Wednesday, January 12, 2011

Book Reivew: Specimen Days by Michael Cunningham


Specimen Days
by Michael Cunningham

The information on jacketflap made no sense but I read it anyway, because I loved Michael Cunningham's writing. Now that I've finished, I understand how difficult it is to describe the book. This is a book for which an elevator pitch will be, at best, strange.

Even the designation of the book, a novel, is not exactly right. The book contains three stories, each independent, yet linked. The links seem rather tenuous: each story stars a man, a woman, and a boy, each time with the same name, or a recognizable variation of it. Walt Whitman's poetry plays a large role in every story. And in each is a character who can't help him/herself with words that issue from within them. These is also a bowl, and disfigurement.

Yeah. Strange, right?

The first story takes place right after the Industrial Revolution and is a steam-punkish ghost story. The second is contemporary police thriller. The third is a dystopian that takes place some 100 years into the future.

So what's the book about? You ask. These links are interesting, but surely there is a larger theme that goes through the book?

This question gnawed on me for at least a day and a half before I eventually realized that the overall theme of Specimen Days is about choosing selflessness. No. More than that. Choosing selflessness still implied a degree of thinking about oneself. These stories are about people making decisions to sacrifice whatever necessary based purely on what is needed by another.

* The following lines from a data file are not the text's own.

(* For every matrix $A\in\mathbb{R}^{m\times n}$ and every $\epsilon>0$ there exists $t_0$ such that for every perturbed fictitious play system $(U,V)$ for $A$, $$\max V(t)-\min U(t)\le\epsilon t\quad\text{for all } t\ge t_0.$$
   Context: An iterative play system $(U,V)$ for $A\in\mathbb{R}^{m\times n}$ is a pair of sequences $U(0),U(1),\dots\in\mathbb{R}^n$ and $V(0),V(1),\dots\in\mathbb{R}^m$ such that $\min U(0)=\max V(0)$ and, for each $t$, $U(t+1)=U(t)+A_{i(t),*}$ and $V(t+1)=V(t)+A_{*,j(t)}$ for some indices $i(t)\in\{1,\dots,m\}$, $j(t)\in\{1,\dots,n\}$, where $A_{i,*}$ is the $i$th row and $A_{*,j}$ the $j$th column of $A$; $\max$, $\min$ of a vector denote its largest/smallest entry. Let $a=\max_{i,j}|A_{i,j}|$. A perturbed fictitious play system (PFP-system) is an iterative play system for which there exist vectors $E_V(t)\in\mathbb{R}^m$, $E_U(t)\in\mathbb{R}^n$ with $\|E_V(t)\|_\infty<a$ and $\|E_U(t)\|_\infty<a$ for each $t$, such that $i(t+1)\in\arg\max[V(t)+E_V(t)]$ and $j(t+1)\in\arg\min[U(t)+E_U(t)]$ for each $t$. *)

theory Defs
  imports "HOL-Analysis.Analysis"
begin

text \<open>Vectors in R^k are modelled as real^'k for a finite index type 'k;
  an m x n matrix is real^'n^'m (rows indexed by 'm, columns by 'n).\<close>

definition vmax :: "real^'k \<Rightarrow> real" where
  "vmax x = Max (range (\<lambda>k. x $ k))"

definition vmin :: "real^'k \<Rightarrow> real" where
  "vmin x = Min (range (\<lambda>k. x $ k))"

definition mabs :: "real^'n^'m \<Rightarrow> real" where
  "mabs A = Max (range (\<lambda>(i, j). \<bar>A $ i $ j\<bar>))"

definition iterative_play_with ::
  "real^'n^'m \<Rightarrow> (nat \<Rightarrow> real^'n) \<Rightarrow> (nat \<Rightarrow> real^'m) \<Rightarrow> (nat \<Rightarrow> 'm) \<Rightarrow> (nat \<Rightarrow> 'n) \<Rightarrow> bool" where
  "iterative_play_with A U V i j \<longleftrightarrow>
     vmin (U 0) = vmax (V 0) \<and>
     (\<forall>t. U (Suc t) = U t + row (i t) A \<and> V (Suc t) = V t + column (j t) A)"

definition iterative_play_system :: "real^'n^'m \<Rightarrow> (nat \<Rightarrow> real^'n) \<Rightarrow> (nat \<Rightarrow> real^'m) \<Rightarrow> bool" where
  "iterative_play_system A U V \<longleftrightarrow> (\<exists>i j. iterative_play_with A U V i j)"

definition PFP_system :: "real^'n^'m \<Rightarrow> (nat \<Rightarrow> real^'n) \<Rightarrow> (nat \<Rightarrow> real^'m) \<Rightarrow> bool" where
  "PFP_system A U V \<longleftrightarrow>
     (\<exists>i j EV EU. iterative_play_with A U V i j \<and>
        (\<forall>t. (\<forall>k. \<bar>EV t $ k\<bar> < mabs A) \<and> (\<forall>k. \<bar>EU t $ k\<bar> < mabs A) \<and>
             (\<forall>k. (V t + EV t) $ k \<le> (V t + EV t) $ i (Suc t)) \<and>
             (\<forall>k. (U t + EU t) $ j (Suc t) \<le> (U t + EU t) $ k)))"

end

theory Submission
  imports Defs
begin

I started reading reviews as I prepared to write this post and the ideas are varied and very interesting. Here's the NY Times review, and here's a review from across the pond, The Guardian. If any of you who have read it have other ideas, I'd love to hear them.

2 comments:

Anonymous said...

For a refreshing review of Cunningham’s Specimen Days, click on http://davidmurph.wordpress.com/book-reviews/

Yat-Yee said...

Thanks for pointing David Murphy's review of Specimen Days, Anonymous. I'll be reading his other reviews.